lemma tendsto_power_mult_zero_if_eventually_le_one:
  fixes s :: "nat \<Rightarrow> real"
  assumes nonneg: "\<And>n. s n \<ge> 0" and bounded: "\<forall>\<^sub>F n in sequentially. r ^ n * s n \<le> 1"
    and "0 \<le> q" "q < r"
  shows "(\<lambda>n. q ^ n * s n) \<longlonglongrightarrow> 0"
proof (rule Lim_null_comparison)
  have r: "r > 0"
    using assms by linarith
  show "\<forall>\<^sub>F n in sequentially. norm (q ^ n * s n) \<le> (q / r) ^ n"
    using bounded
  proof eventually_elim
    case (elim n)
    have "norm (q ^ n * s n) = (q / r) ^ n * (r ^ n * s n)"
      using r \<open>0 \<le> q\<close> nonneg[of n] by (simp add: power_divide)
    also have "\<dots> \<le> (q / r) ^ n"
      using elim \<open>0 \<le> q\<close> r by (intro mult_left_le) simp_all
    finally show ?case .
  qed
  show "(\<lambda>n. (q / r) ^ n) \<longlonglongrightarrow> 0"
    using assms r by (intro LIMSEQ_power_zero) simp
qed

lemma eventually_power_norm_le_one:
  fixes x :: "'a::complex_banach_algebra_1"
  assumes inv: "\<And>\<mu>. invertible_elem (1 - \<mu> *\<^sub>C x)"
    and close: "\<And>\<mu> \<mu>'. cmod \<mu> \<le> 2 \<Longrightarrow> cmod \<mu>' \<le> 2 \<Longrightarrow> dist \<mu>' \<mu> < \<delta> \<Longrightarrow>
      norm (inverse_elem (1 - \<mu>' *\<^sub>C x) - inverse_elem (1 - \<mu> *\<^sub>C x)) \<le> 1/4"
    and \<rho>: "0 \<le> \<rho>" "\<rho> \<le> 2" and \<rho>': "0 \<le> \<rho>'" "\<rho>' \<le> 2" "\<bar>\<rho>' - \<rho>\<bar> < \<delta>"
    and decay: "(\<lambda>n. \<rho> ^ n * norm (x ^ n)) \<longlonglongrightarrow> 0"
  shows "\<forall>\<^sub>F n in sequentially. \<rho>' ^ n * norm (x ^ n) \<le> 1"
proof -
  have "\<forall>\<^sub>F n in sequentially. \<rho> ^ n * norm (x ^ n) < 1/8"
    using order_tendstoD(2)[OF decay, of "1/8"] by simp
  then show ?thesis
    using eventually_ge_at_top[of 1]
  proof eventually_elim
    case (elim n)
    let ?h = "of_real \<rho> ^ n *\<^sub>C x ^ n" and ?h' = "of_real \<rho>' ^ n *\<^sub>C x ^ n"
    have "norm ?h \<le> 1/2"
      using elim \<rho> by (simp add: norm_scaleC norm_power)
    then have "norm (inverse_elem (1 - ?h) - 1) \<le> 1/4"
      using norm_inverse_elem_one_minus_diff_le[of ?h] elim \<rho>
      by (simp add: norm_scaleC norm_power)
    moreover have "norm (inverse_elem (1 - ?h') - inverse_elem (1 - ?h)) \<le> 1/4"
      using \<rho> \<rho>' by (intro norm_inverse_elem_one_minus_power_diff_le[OF inv close elim(2)])
        (simp_all add: dist_norm flip: of_real_diff)
    ultimately have small: "norm (1 - inverse_elem (1 - ?h')) \<le> 1/2"
      using norm_triangle_ineq[of "inverse_elem (1 - ?h) - inverse_elem (1 - ?h')"
          "1 - inverse_elem (1 - ?h)"]
      by (simp add: norm_minus_commute)
    have "inverse_elem (inverse_elem (1 - ?h')) = 1 - ?h'"
      by (rule inverse_elem_inverse_elem[OF invertible_elem_one_minus_power[OF inv elim(2)]])
    then have "inverse_elem (1 - (1 - inverse_elem (1 - ?h'))) = 1 - ?h'"
      by simp
    then have "norm ((1 - ?h') - 1) \<le> 1"
      using norm_inverse_elem_one_minus_diff_le[OF small] small by simp
    then show ?case
      using \<rho>' by (simp add: norm_scaleC norm_power)
  qed
qed

text \<open>Rickart's argument: uniform continuity of the resolvent on the disc of radius 2 lets the
  radius \<open>\<rho>\<close> with \<open>\<rho> ^ n * norm (x ^ n) \<longlonglongrightarrow> 0\<close> grow by the fixed step \<open>\<delta> / 2\<close> until it reaches 1.\<close>

lemma tendsto_norm_power_zero:
  fixes x :: "'a::complex_banach_algebra_1"
  assumes inv: "\<And>\<mu>. invertible_elem (1 - \<mu> *\<^sub>C x)"
  shows "(\<lambda>n. norm (x ^ n)) \<longlonglongrightarrow> 0"
proof -
  obtain \<delta> where \<delta>: "0 < \<delta>" "\<delta> \<le> 1" and close: "\<And>\<mu> \<mu>'. cmod \<mu> \<le> 2 \<Longrightarrow> cmod \<mu>' \<le> 2 \<Longrightarrow>
      dist \<mu>' \<mu> < \<delta> \<Longrightarrow> norm (inverse_elem (1 - \<mu>' *\<^sub>C x) - inverse_elem (1 - \<mu> *\<^sub>C x)) \<le> 1/4"
    using inverse_elem_one_minus_scaleC_uniformly_close[OF inv] by blast
  define decays where "decays \<rho> \<longleftrightarrow> (\<lambda>n. \<rho> ^ n * norm (x ^ n)) \<longlonglongrightarrow> 0" for \<rho>
  have step: "decays (min 1 (\<rho> + \<delta> / 2))" if "0 \<le> \<rho>" "\<rho> \<le> 1" "decays \<rho>" for \<rho>
  proof -
    have "\<forall>\<^sub>F n in sequentially. (\<rho> + 3 * \<delta> / 4) ^ n * norm (x ^ n) \<le> 1"
      using that \<delta> by (intro eventually_power_norm_le_one[OF inv close]) (auto simp: decays_def)
    then show ?thesis
      unfolding decays_def using that \<delta>
      by (intro tendsto_power_mult_zero_if_eventually_le_one[where r = "\<rho> + 3 * \<delta> / 4"]) auto
  qed
  have decays_m: "decays (min 1 (of_nat m * \<delta> / 2))" for m
  proof (induction m)
    case 0
    show ?case
      unfolding decays_def by (rule LIMSEQ_imp_Suc) simp
  next
    case (Suc m)
    have "min 1 (of_nat (Suc m) * \<delta> / 2) = min 1 (min 1 (of_nat m * \<delta> / 2) + \<delta> / 2)"
      using \<delta> by (cases "of_nat m * \<delta> / 2 \<le> 1") (simp_all add: distrib_right add_divide_distrib)
    then show ?case
      using step[OF _ _ Suc.IH] \<delta> by simp
  qed
  obtain m :: nat where "2 / \<delta> \<le> of_nat m"
    using real_arch_simple by blast
  then have "min 1 (of_nat m * \<delta> / 2) = 1"
    using \<delta> by (simp add: divide_le_eq mult.commute)
  then show ?thesis
    using decays_m[of m] by (simp add: decays_def)
qed

theorem spectrum_nonempty: "spectrum (x::'a::complex_banach_algebra_1) \<noteq> {}"
proof
  assume empty: "spectrum x = {}"
  then have "invertible_elem ((0::complex) *\<^sub>C 1 - x)"
    unfolding spectrum_def by blast
  then have x: "invertible_elem x"
    by simp
  define y where "y = inverse_elem x"
  have "invertible_elem (1 - \<mu> *\<^sub>C x)" for \<mu>
    using empty by (cases "\<mu> = 0") (simp_all add: invertible_elem_one_minus_scaleC_iff)
  then have x_decay: "(\<lambda>n. norm (x ^ n)) \<longlonglongrightarrow> 0"
    by (rule tendsto_norm_power_zero)
  have "invertible_elem (1 - \<mu> *\<^sub>C y)" for \<mu>
  proof -
    have eq: "1 - \<mu> *\<^sub>C y = (x - \<mu> *\<^sub>C 1) * y"
      by (simp add: algebra_simps mult_scaleC_left y_def x right_inverse_elem)
    have "invertible_elem (- (\<mu> *\<^sub>C 1 - x))"
      using empty unfolding spectrum_def invertible_elem_minus_iff by blast
    then have "invertible_elem ((x - \<mu> *\<^sub>C 1) * y)"
      using invertible_elem_inverse_elem[OF x] unfolding y_def
      by (intro invertible_elem_mult) simp_all
    then show ?thesis
      unfolding eq .
  qed
  then have y_decay: "(\<lambda>n. norm (y ^ n)) \<longlonglongrightarrow> 0"
    by (rule tendsto_norm_power_zero)
  have "\<forall>\<^sub>F n in sequentially. norm (x ^ n) * norm (y ^ n) < 1"
    using order_tendstoD(2)[OF tendsto_mult[OF x_decay y_decay], of 1] by simp
  then obtain N where "\<And>n. n \<ge> N \<Longrightarrow> norm (x ^ n) * norm (y ^ n) < 1"
    unfolding eventually_sequentially by blast
  then have small: "norm (x ^ N) * norm (y ^ N) < 1"
    by simp
  have "x ^ N * y ^ N = 1"
    by (rule power_mult_power_eq_one) (simp add: y_def x right_inverse_elem)
  then have "1 \<le> norm (x ^ N) * norm (y ^ N)"
    using norm_mult_ineq[of "x ^ N" "y ^ N"] by simp
  with small show False
    by simp
qed

lemma quasinilpotent_iff_one_minus_scaleC_invertible:
  "quasinilpotent (x::'a::complex_banach_algebra_1) \<longleftrightarrow> (\<forall>\<mu>. invertible_elem (1 - \<mu> *\<^sub>C x))"
proof
  assume "quasinilpotent x"
  then have spectrum_x: "spectrum x = {0}"
    by (simp add: quasinilpotent_def)
  show "\<forall>\<mu>. invertible_elem (1 - \<mu> *\<^sub>C x)"
  proof
    fix \<mu> :: complex
    show "invertible_elem (1 - \<mu> *\<^sub>C x)"
      using spectrum_x by (cases "\<mu> = 0") (simp_all add: invertible_elem_one_minus_scaleC_iff)
  qed
next
  assume inv: "\<forall>\<mu>. invertible_elem (1 - \<mu> *\<^sub>C x)"
  have "spectrum x \<subseteq> {0}"
  proof
    fix z assume z: "z \<in> spectrum x"
    show "z \<in> {0}"
    proof (rule ccontr)
      assume "z \<notin> {0}"
      then have "invertible_elem (1 - (1 / z) *\<^sub>C x) \<longleftrightarrow> z \<notin> spectrum x"
        using invertible_elem_one_minus_scaleC_iff[of "1 / z" x] by simp
      then show False
        using inv z by blast
    qed
  qed
  then show "quasinilpotent x"
    using spectrum_nonempty[of x] unfolding quasinilpotent_def by blast
qed

section \<open>Words in \<open>a\<close> and \<open>b\<close>\<close>

locale ab_words_vanish =
  fixes a b :: "'a::ring_1" and k :: nat
  assumes ab_word_eq_0: "\<And>ws. set ws \<subseteq> {a, b} \<Longrightarrow> k \<le> length ws \<Longrightarrow> a * b * prod_list ws = 0"
begin

text \<open>An element of \<open>absorbing j\<close> behaves like a word of length \<open>j\<close> in \<open>a\<close> and \<open>b\<close>:
  preceded by \<open>a * b\<close> and any word of length at least \<open>k - j\<close>, it gives 0.\<close>

definition absorbing :: "nat \<Rightarrow> 'a set" where
  "absorbing j = {y. \<forall>ws. set ws \<subseteq> {a, b} \<longrightarrow> k \<le> length ws + j \<longrightarrow> a * b * prod_list ws * y = 0}"

lemma absorbing_0 [simp]: "y \<in> absorbing 0"
  by (simp add: absorbing_def ab_word_eq_0)

lemma absorbing_antimono: "i \<le> j \<Longrightarrow> y \<in> absorbing j \<Longrightarrow> y \<in> absorbing i"
  unfolding absorbing_def by fastforce

lemma absorbing_from_k: "y \<in> absorbing k \<Longrightarrow> y \<in> absorbing j"
  unfolding absorbing_def by simp

lemma ab_mult_absorbing_k: "y \<in> absorbing k \<Longrightarrow> a * b * y = 0"
  unfolding absorbing_def by (drule CollectD, drule spec[of _ "[]"]) simp

lemma absorbing_zero [simp]: "0 \<in> absorbing j"
  by (simp add: absorbing_def)

lemma absorbing_add: "y \<in> absorbing j \<Longrightarrow> z \<in> absorbing j \<Longrightarrow> y + z \<in> absorbing j"
  by (simp add: absorbing_def distrib_left)

lemma absorbing_sum: "(\<And>i. i \<in> I \<Longrightarrow> f i \<in> absorbing j) \<Longrightarrow> sum f I \<in> absorbing j"
  by (induction I rule: infinite_finite_induct) (simp_all add: absorbing_add)

lemma absorbing_mult_right: "y \<in> absorbing j \<Longrightarrow> y * z \<in> absorbing j"
  by (simp add: absorbing_def flip: mult.assoc)

lemma letter_mult_absorbing:
  assumes "x \<in> {a, b}" and y: "y \<in> absorbing j"
  shows "x * y \<in> absorbing (Suc j)"
  unfolding absorbing_def
proof (intro CollectI allI impI)
  fix ws assume "set ws \<subseteq> {a, b}" "k \<le> length ws + Suc j"
  then have "set (ws @ [x]) \<subseteq> {a, b}" "k \<le> length (ws @ [x]) + j"
    using assms by auto
  then have "a * b * prod_list (ws @ [x]) * y = 0"
    using y unfolding absorbing_def by blast
  then show "a * b * prod_list ws * (x * y) = 0"
    by (simp add: mult.assoc)
qed
(* Let $\mathbb S$ be the free semigroup action on the compact metric space $X$ generated by continuous maps $g_1,\dots,g_p$, with entropy function $h_{top}(\cdot)$. (i) If $K\subset X$ is a countable closed subset with a unique limit point $x_0$, then $h_{top}(x_0)\ge h_{top}(K,\mathbb S)$. (ii) For every $x_0\in X$ there exists a countable closed subset $K\subset X$ with $x_0\in K$ such that $x_0$ is the unique limit point of $K$ in $X$ and $h_{top}(x_0)=h_{top}(K,\mathbb S)$.
   Context: Setting: $(X,d)$ compact metric space, $g_1,\dots,g_p:X\to X$ continuous; $G_n^*$ the set of words $\underline g=g_{i_n}\cdots g_{i_1}$, $i_j\in\{1,\dots,p\}$; $d_{\underline g}(x,y)=\max_{0\le j\le n}d(g_{i_j}\cdots g_{i_1}x,g_{i_j}\cdots g_{i_1}y)$; $s(K,\underline g,\varepsilon)$ and $b_d(K,\underline g,\varepsilon)$ are the maximal cardinality of a $(\underline g,\varepsilon)$-separated subset of $K$, resp. the minimal cardinality of a $(\underline g,\varepsilon)$-spanning subset of $K$. $h_{top}(K,\mathbb S)=\lim_{\varepsilon\to0}\limsup_n\frac1n\log\big(p^{-n}\sum_{\underline g\in G_n^*}s(K,\underline g,\varepsilon)\big)$. Entropy function: $B_d(K,\mathbb S,\varepsilon)=\limsup_n\frac1n\log\big(p^{-n}\sum_{\underline g\in G_n^*}b_d(K,\underline g,\varepsilon)\big)$, $h_d(x,\varepsilon)=\inf\{B_d(K,\mathbb S,\varepsilon):K\text{ compact neighbourhood of }x\}$, $h_{top}(x)=\lim_{\varepsilon\to0^+}h_d(x,\varepsilon)$. *)

theory Defs
  imports "HOL-Analysis.Analysis"
begin

text \<open>Generators are g 0, ..., g (p-1). A word g_{i_n} ... g_{i_1} of length n is
  represented by the list [i_1, ..., i_n] (first applied map first).\<close>

definition words :: "nat \<Rightarrow> nat \<Rightarrow> nat list set" where
  "words p n = {w. length w = n \<and> set w \<subseteq> {..<p}}"

definition orbit :: "(nat \<Rightarrow> 'a \<Rightarrow> 'a) \<Rightarrow> nat list \<Rightarrow> nat \<Rightarrow> 'a \<Rightarrow> 'a" where
  "orbit g w j x = fold (\<lambda>i y. g i y) (take j w) x"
----------------
### [Work to be completed]
Find each line of the data above that holds the word "cases", then copy it.

### [Exercise output]
      using \<delta> by (cases "of_nat m * \<delta> / 2 \<le> 1") (simp_all add: distrib_right add_divide_distrib)
    using empty by (cases "\<mu> = 0") (simp_all add: invertible_elem_one_minus_scaleC_iff)
      using spectrum_x by (cases "\<mu> = 0") (simp_all add: invertible_elem_one_minus_scaleC_iff)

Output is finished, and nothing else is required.